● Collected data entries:
========
lemma RSHull_eq_coord_code:
  assumes "E_linear n C"
  shows "RSHull n C = coord_code n (Res C \<inter> Sdual n (Tor n C)) (Tor n C)"
proof -
  have "SdualR n C = coord_code n (Sdual n (Tor n C)) {b. length b = 2*n}"
    using SdualR_eq_coord_code[OF E_linear_subset_lengths[OF assms]]
    by (simp add: Res_Un_zeta_coords_eq_Tor[OF assms])
  then have "RSHull n C =
      coord_code n (Res C) (Tor n C) \<inter> coord_code n (Sdual n (Tor n C)) {b. length b = 2*n}"
    unfolding RSHull_def by (intro arg_cong2[where f="(\<inter>)"] E_linear_eq_coord_code assms)
  also have "\<dots> = coord_code n (Res C \<inter> Sdual n (Tor n C)) (Tor n C)"
    by (simp add: coord_code_Int Int_absorb2 Tor_subset_lengths)
  finally show ?thesis .
qed

lemma SHull_eq_coord_code:
  assumes "E_linear n C"
  shows "SHull n C = coord_code n (Res C \<inter> Sdual n (Tor n C)) (Sdual n (Res C) \<inter> Tor n C)"
proof -
  have "SHull n C = LSHull n C \<inter> RSHull n C"
    by (auto simp: SHull_def LSHull_def RSHull_def SdualE_def)
  also have "\<dots> = coord_code n (Res C \<inter> Sdual n (Res C) \<inter> (Res C \<inter> Sdual n (Tor n C)))
      (Sdual n (Res C) \<inter> Tor n C)"
    by (simp add: LSHull_eq_coord_code RSHull_eq_coord_code assms coord_code_Int)
  also have "Res C \<inter> Sdual n (Res C) \<inter> (Res C \<inter> Sdual n (Tor n C)) = Res C \<inter> Sdual n (Tor n C)"
    using Sdual_antimono[OF Res_subset_Tor[OF assms]] by blast
  finally show ?thesis .
qed

theorem mainTheorem1:
  assumes "E_linear n C"
  shows "Res (LSHull n C) = Res C \<inter> Sdual n (Res C)
       \<and> Tor n (LSHull n C) = Sdual n (Res C) \<inter> Tor n C
       \<and> Res (RSHull n C) = Res C \<inter> Sdual n (Tor n C)
       \<and> Tor n (RSHull n C) = Tor n C
       \<and> Res (SHull n C) = Res C \<inter> Sdual n (Tor n C)
       \<and> Tor n (SHull n C) = Sdual n (Res C) \<inter> Tor n C"
proof -
  have "replicate (2*n) False \<in> Res C" "replicate (2*n) False \<in> Tor n C"
    using replicate_False_in_Res Res_subset_Tor assms by blast+
  then show ?thesis
    using replicate_False_in_Sdual Sdual_subset_lengths Tor_subset_lengths
    by (simp add: LSHull_eq_coord_code RSHull_eq_coord_code SHull_eq_coord_code assms
        Res_coord_code Tor_coord_code le_infI1 le_infI2)
qed

end
(* Let $A$ be an algebra over a field of characteristic zero satisfying $(x^2,x^2,x^2)=0$ for all $x\in A$, and assume $A$ has a left unit $e$ which is not a divisor of zero. Then $(xe)e=x$ for all $x\in A$.
   Context: $(x,y,z)=(xy)z-x(yz)$. A left unit $e$ satisfies $ex=x$ for all $x$. *)

theory Defs
  imports Main "HOL.Vector_Spaces"
begin

definition nonassoc_algebra ::
  "('k::field \<Rightarrow> 'v::ab_group_add \<Rightarrow> 'v) \<Rightarrow> ('v \<Rightarrow> 'v \<Rightarrow> 'v) \<Rightarrow> bool" where
  "nonassoc_algebra scale mult \<longleftrightarrow>
     vector_space scale \<and>
     (\<forall>x y z. mult (x + y) z = mult x z + mult y z) \<and>
     (\<forall>x y z. mult x (y + z) = mult x y + mult x z) \<and>
     (\<forall>c x y. mult (scale c x) y = scale c (mult x y)) \<and>
     (\<forall>c x y. mult x (scale c y) = scale c (mult x y))"

definition associator :: "('v::ab_group_add \<Rightarrow> 'v \<Rightarrow> 'v) \<Rightarrow> 'v \<Rightarrow> 'v \<Rightarrow> 'v \<Rightarrow> 'v" where
  "associator mult x y z = mult (mult x y) z - mult x (mult y z)"

definition left_unit :: "('v \<Rightarrow> 'v \<Rightarrow> 'v) \<Rightarrow> 'v \<Rightarrow> bool" where
  "left_unit mult e \<longleftrightarrow> (\<forall>x. mult e x = x)"

definition zero_divisor :: "('v::zero \<Rightarrow> 'v \<Rightarrow> 'v) \<Rightarrow> 'v \<Rightarrow> bool" where
  "zero_divisor mult e \<longleftrightarrow> (\<exists>x. x \<noteq> 0 \<and> (mult e x = 0 \<or> mult x e = 0))"

end

theory Submission
  imports Defs
begin

text \<open>Linearize the identity at \<open>x = e + t y\<close>: then \<open>x\<^sup>2 = e + t u + t\<^sup>2 y\<^sup>2\<close> with
  \<open>u = y + y e\<close>, and the associator \<open>(x\<^sup>2, x\<^sup>2, x\<^sup>2)\<close> is a polynomial in \<open>t\<close> vanishing identically,
  so in characteristic zero its coefficient of \<open>t\<close>, namely \<open>(u, e, e) + (e, u, e) + (e, e, u)\<close>,
  vanishes. The last two terms are zero because \<open>e\<close> is a left unit, so \<open>(u e) e = u e\<close>, which
  unfolds to \<open>((y e) e - y) e = 0\<close>; as \<open>e\<close> is not a zero divisor, \<open>(y e) e = y\<close>.\<close>

definition trilinear ::
    "('k::comm_ring_1 \<Rightarrow> 'v::ab_group_add \<Rightarrow> 'v) \<Rightarrow> ('v \<Rightarrow> 'v \<Rightarrow> 'v \<Rightarrow> 'v) \<Rightarrow> bool"
  where "trilinear scale T \<longleftrightarrow>
    (\<forall>y z. module_hom scale scale (\<lambda>x. T x y z)) \<and>
    (\<forall>x z. module_hom scale scale (\<lambda>y. T x y z)) \<and>
    (\<forall>x y. module_hom scale scale (\<lambda>z. T x y z))"

lemma
  assumes "trilinear scale T"
  shows trilinear_linear1: "module_hom scale scale (\<lambda>x. T x y z)"
    and trilinear_linear2: "module_hom scale scale (\<lambda>y. T x y z)"
    and trilinear_linear3: "module_hom scale scale (\<lambda>z. T x y z)"
  using assms unfolding trilinear_def by blast+

lemma trilinear_sum:
  assumes "trilinear scale T"
  shows "T (\<Sum>i\<in>I. f i) (\<Sum>j\<in>J. g j) (\<Sum>l\<in>L. h l) =
    (\<Sum>(i, j, l)\<in>I \<times> J \<times> L. T (f i) (g j) (h l))"
proof -
  have "T (\<Sum>i\<in>I. f i) (\<Sum>j\<in>J. g j) (\<Sum>l\<in>L. h l) =
      (\<Sum>i\<in>I. \<Sum>j\<in>J. \<Sum>l\<in>L. T (f i) (g j) (h l))"
    by (simp only: module_hom.sum[OF trilinear_linear1[OF assms]],
        simp only: module_hom.sum[OF trilinear_linear2[OF assms]],
        simp only: module_hom.sum[OF trilinear_linear3[OF assms]])
  then show ?thesis
    by (simp add: sum.cartesian_product)
qed

lemma trilinear_scale:
  assumes "trilinear scale T"
  shows "T (scale a x) (scale b y) (scale c z) = scale (a * b * c) (T x y z)"
proof -
  interpret module scale
    using module_hom.axioms(1)[OF trilinear_linear1[OF assms]] .
  show ?thesis
    by (simp add: module_hom.scale[OF trilinear_linear1[OF assms]]
        module_hom.scale[OF trilinear_linear2[OF assms]] module_hom.scale[OF trilinear_linear3[OF assms]]
        mult_ac)
qed

definition cube_coeff :: "('v::comm_monoid_add \<Rightarrow> 'v \<Rightarrow> 'v \<Rightarrow> 'v) \<Rightarrow> (nat \<Rightarrow> 'v) \<Rightarrow> nat \<Rightarrow> nat \<Rightarrow> 'v"
  where "cube_coeff T a n k =
    (\<Sum>(i, j, l)\<in>{(i, j, l). i \<le> n \<and> j \<le> n \<and> l \<le> n \<and> i + j + l = k}. T (a i) (a j) (a l))"

lemma cube_coeff_1:
  assumes "1 \<le> n"
  shows "cube_coeff T a n 1 = T (a 1) (a 0) (a 0) + T (a 0) (a 1) (a 0) + T (a 0) (a 0) (a 1)"
proof -
  have "{(i, j, l). i \<le> n \<and> j \<le> n \<and> l \<le> n \<and> i + j + l = (1::nat)} = {(1, 0, 0), (0, 1, 0), (0, 0, 1)}"
    using assms by auto
  then show ?thesis
    by (simp add: cube_coeff_def add.assoc)
qed

lemma trilinear_cube_poly_expansion:
  assumes "trilinear scale T"
  shows "T (\<Sum>i\<le>n. scale (t ^ i) (a i)) (\<Sum>i\<le>n. scale (t ^ i) (a i)) (\<Sum>i\<le>n. scale (t ^ i) (a i)) =
    (\<Sum>k\<le>3 * n. scale (t ^ k) (cube_coeff T a n k))"
proof -
  interpret module scale
    using module_hom.axioms(1)[OF trilinear_linear1[OF assms]] .
  let ?D = "{..n} \<times> {..n} \<times> {..n}"
  let ?term = "\<lambda>(i, j, l). scale (t ^ (i + j + l)) (T (a i) (a j) (a l))"
  have "T (\<Sum>i\<le>n. scale (t ^ i) (a i)) (\<Sum>i\<le>n. scale (t ^ i) (a i)) (\<Sum>i\<le>n. scale (t ^ i) (a i)) =
      sum ?term ?D"
    by (simp add: trilinear_sum[OF assms] trilinear_scale[OF assms] power_add case_prod_beta)
  also have "\<dots> = (\<Sum>k\<le>3 * n. sum ?term {x \<in> ?D. (\<lambda>(i, j, l). i + j + l) x = k})"
    by (rule sum.group[symmetric]) auto
  also have "\<dots> = (\<Sum>k\<le>3 * n. scale (t ^ k) (cube_coeff T a n k))"
  proof (rule sum.cong)
    fix k
    have "{x \<in> ?D. (\<lambda>(i, j, l). i + j + l) x = k} =
        {(i, j, l). i \<le> n \<and> j \<le> n \<and> l \<le> n \<and> i + j + l = k}"
      by auto
    then show "sum ?term {x \<in> ?D. (\<lambda>(i, j, l). i + j + l) x = k} = scale (t ^ k) (cube_coeff T a n k)"
      by (auto simp: cube_coeff_def scale_sum_right intro: sum.cong)
  qed simp
  finally show ?thesis .
qed

text \<open>Comparing the polynomial at \<open>2 t\<close> with \<open>2 ^ Suc n\<close> times its value at \<open>t\<close> kills the
  top coefficient and rescales the others by the nonzero factors \<open>2 ^ k - 2 ^ Suc n\<close>.\<close>

lemma vector_space_poly_coeffs_eq_0:
  fixes scale :: "'k::field_char_0 \<Rightarrow> 'v::ab_group_add \<Rightarrow> 'v"
  assumes "vector_space scale"
    and "\<And>t. (\<Sum>k\<le>n. scale (t ^ k) (c k)) = 0"
    and "k \<le> n"
  shows "c k = 0"
  using assms(2,3)
proof (induction n arbitrary: c k)
  case 0
  interpret vector_space scale by fact
  show ?case
    using "0.prems"(1)[of 1] "0.prems"(2) by simp
next
  case (Suc n)
  interpret vector_space scale by fact
  define c' where "c' k = scale (2 ^ k - 2 ^ Suc n) (c k)" for k
  have "(\<Sum>k\<le>n. scale (t ^ k) (c' k)) = 0" for t
  proof -
    have "(\<Sum>k\<le>n. scale (t ^ k) (c' k)) = (\<Sum>k\<le>Suc n. scale (t ^ k) (c' k))"
      by (simp add: c'_def)
    also have "\<dots> = (\<Sum>k\<le>Suc n. scale ((2 * t) ^ k) (c k)) -
        scale (2 ^ Suc n) (\<Sum>k\<le>Suc n. scale (t ^ k) (c k))"
      by (simp add: c'_def scale_sum_right sum_subtractf[symmetric] scale_left_diff_distrib
          scale_right_diff_distrib power_mult_distrib algebra_simps)
    also have "\<dots> = 0"
      by (simp only: Suc.prems(1)) simp
    finally show ?thesis .
  qed
  then have "c' k = 0" if "k \<le> n" for k
    using Suc.IH that by blast
  moreover have "(2::'k) ^ k \<noteq> 2 ^ Suc n" if "k \<le> n" for k
  proof -
    have "(2::nat) ^ k < 2 ^ Suc n"
      using that by (intro power_strict_increasing) auto
    then show ?thesis
      by (metis nat_neq_iff of_nat_eq_iff of_nat_numeral of_nat_power)
  qed
  ultimately have low: "c k = 0" if "k \<le> n" for k
    using that by (simp add: c'_def)
  moreover have "c (Suc n) = 0"
    using Suc.prems(1)[of 1] low by simp
  ultimately show ?case
    using Suc.prems(2) le_Suc_eq by blast
qed

lemma trilinear_cube_poly_eq_0_imp_cube_coeff_eq_0:
  fixes scale :: "'k::field_char_0 \<Rightarrow> 'v::ab_group_add \<Rightarrow> 'v"
  assumes "trilinear scale T"
    and "\<And>t. T (\<Sum>i\<le>n. scale (t ^ i) (a i)) (\<Sum>i\<le>n. scale (t ^ i) (a i))
      (\<Sum>i\<le>n. scale (t ^ i) (a i)) = 0"
    and "k \<le> 3 * n"
  shows "cube_coeff T a n k = 0"
proof (rule vector_space_poly_coeffs_eq_0)
  show "vector_space scale"
    using module_hom.axioms(1)[OF trilinear_linear1[OF assms(1)]] by (simp add: module_iff_vector_space)
  show "(\<Sum>k\<le>3 * n. scale (t ^ k) (cube_coeff T a n k)) = 0" for t
    using assms(2) by (simp add: trilinear_cube_poly_expansion[OF assms(1), symmetric])
qed fact

lemma nonassoc_algebra_iff_bilinear:
  "nonassoc_algebra scale mult \<longleftrightarrow> vector_space scale \<and>
    (\<forall>y. module_hom scale scale (\<lambda>x. mult x y)) \<and> (\<forall>x. module_hom scale scale (mult x))"
  by (auto simp: nonassoc_algebra_def module_hom_iff module_iff_vector_space)

lemma nonassoc_algebra_trilinear_associator:
  assumes "nonassoc_algebra scale mult"
  shows "trilinear scale (associator mult)"
proof -
  have vs: "vector_space scale"
    and left: "\<And>y. module_hom scale scale (\<lambda>x. mult x y)"
    and right: "\<And>x. module_hom scale scale (mult x)"
    using assms by (auto simp: nonassoc_algebra_iff_bilinear)
  interpret module_pair scale scale
    using vs by (simp add: module_pair_def module_iff_vector_space)
  have comp: "module_hom scale scale (\<lambda>x. g (f x))"
    if "module_hom scale scale f" "module_hom scale scale g" for f g
    using module_hom_compose[OF that] by (simp add: comp_def)
  show ?thesis
    unfolding trilinear_def associator_def
    by (intro allI conjI module_hom_sub comp[OF left left] comp[OF right left] comp[OF left right]
        comp[OF right right] left right)
qed

theorem lemma1:
  fixes scale :: "'k::field_char_0 \<Rightarrow> 'v::ab_group_add \<Rightarrow> 'v"
    and mult :: "'v \<Rightarrow> 'v \<Rightarrow> 'v"
    and e :: 'v
  assumes "nonassoc_algebra scale mult"
    and "\<forall>x. associator mult (mult x x) (mult x x) (mult x x) = 0"
    and "left_unit mult e"
    and "\<not> zero_divisor mult e"
  shows "\<forall>x. mult (mult x e) e = x"
proof
  fix y
  interpret vector_space scale
    using assms(1) by (simp add: nonassoc_algebra_def)
  have left: "\<And>x. module_hom scale scale (\<lambda>z. mult z x)"
    and right: "\<And>x. module_hom scale scale (mult x)"
    using assms(1) by (auto simp: nonassoc_algebra_iff_bilinear)
  have unit: "\<And>x. mult e x = x"
    using assms(3) by (simp add: left_unit_def)
  define u where "u = y + mult y e"
  have square: "mult (e + scale t y) (e + scale t y) = (\<Sum>i\<le>2. scale (t ^ i) ([e, u, mult y y] ! i))"
    for t
    by (simp add: module_hom.add[OF left] module_hom.add[OF right] module_hom.scale[OF left]
        module_hom.scale[OF right] unit u_def numeral_2_eq_2 power2_eq_square scale_right_distrib algebra_simps)
  have "cube_coeff (associator mult) ((!) [e, u, mult y y]) 2 1 = 0"
  proof (rule trilinear_cube_poly_eq_0_imp_cube_coeff_eq_0)
    show "trilinear scale (associator mult)"
      using assms(1) by (rule nonassoc_algebra_trilinear_associator)
    show "associator mult (\<Sum>i\<le>2. scale (t ^ i) ([e, u, mult y y] ! i))
        (\<Sum>i\<le>2. scale (t ^ i) ([e, u, mult y y] ! i)) (\<Sum>i\<le>2. scale (t ^ i) ([e, u, mult y y] ! i)) = 0"
      for t
      using spec[OF assms(2), of "e + scale t y"] by (simp only: square)
  qed simp
  then have "associator mult u e e = 0"
    by (simp add: cube_coeff_1 associator_def unit del: One_nat_def)
  then have "mult (mult (mult y e) e - y) e = 0"
    by (simp add: associator_def unit u_def module_hom.add[OF left] module_hom.diff[OF left])
  then show "mult (mult y e) e = y"
    using assms(4) unfolding zero_divisor_def by (metis eq_iff_diff_eq_0)
qed

end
========
● WORK TASK:
In the entries above, find the line with "ultimately show ?case" and the line with "unfolding trilinear_def associator_def", then set down exactly those two and every line between them, nothing else.

● ANSWER BELOW:
  ultimately show ?case
    using Suc.prems(2) le_Suc_eq by blast
qed

lemma trilinear_cube_poly_eq_0_imp_cube_coeff_eq_0:
  fixes scale :: "'k::field_char_0 \<Rightarrow> 'v::ab_group_add \<Rightarrow> 'v"
  assumes "trilinear scale T"
    and "\<And>t. T (\<Sum>i\<le>n. scale (t ^ i) (a i)) (\<Sum>i\<le>n. scale (t ^ i) (a i))
      (\<Sum>i\<le>n. scale (t ^ i) (a i)) = 0"
    and "k \<le> 3 * n"
  shows "cube_coeff T a n k = 0"
proof (rule vector_space_poly_coeffs_eq_0)
  show "vector_space scale"
    using module_hom.axioms(1)[OF trilinear_linear1[OF assms(1)]] by (simp add: module_iff_vector_space)
  show "(\<Sum>k\<le>3 * n. scale (t ^ k) (cube_coeff T a n k)) = 0" for t
    using assms(2) by (simp add: trilinear_cube_poly_expansion[OF assms(1), symmetric])
qed fact

lemma nonassoc_algebra_iff_bilinear:
  "nonassoc_algebra scale mult \<longleftrightarrow> vector_space scale \<and>
    (\<forall>y. module_hom scale scale (\<lambda>x. mult x y)) \<and> (\<forall>x. module_hom scale scale (mult x))"
  by (auto simp: nonassoc_algebra_def module_hom_iff module_iff_vector_space)

lemma nonassoc_algebra_trilinear_associator:
  assumes "nonassoc_algebra scale mult"
  shows "trilinear scale (associator mult)"
proof -
  have vs: "vector_space scale"
    and left: "\<And>y. module_hom scale scale (\<lambda>x. mult x y)"
    and right: "\<And>x. module_hom scale scale (mult x)"
    using assms by (auto simp: nonassoc_algebra_iff_bilinear)
  interpret module_pair scale scale
    using vs by (simp add: module_pair_def module_iff_vector_space)
  have comp: "module_hom scale scale (\<lambda>x. g (f x))"
    if "module_hom scale scale f" "module_hom scale scale g" for f g
    using module_hom_compose[OF that] by (simp add: comp_def)
  show ?thesis
    unfolding trilinear_def associator_def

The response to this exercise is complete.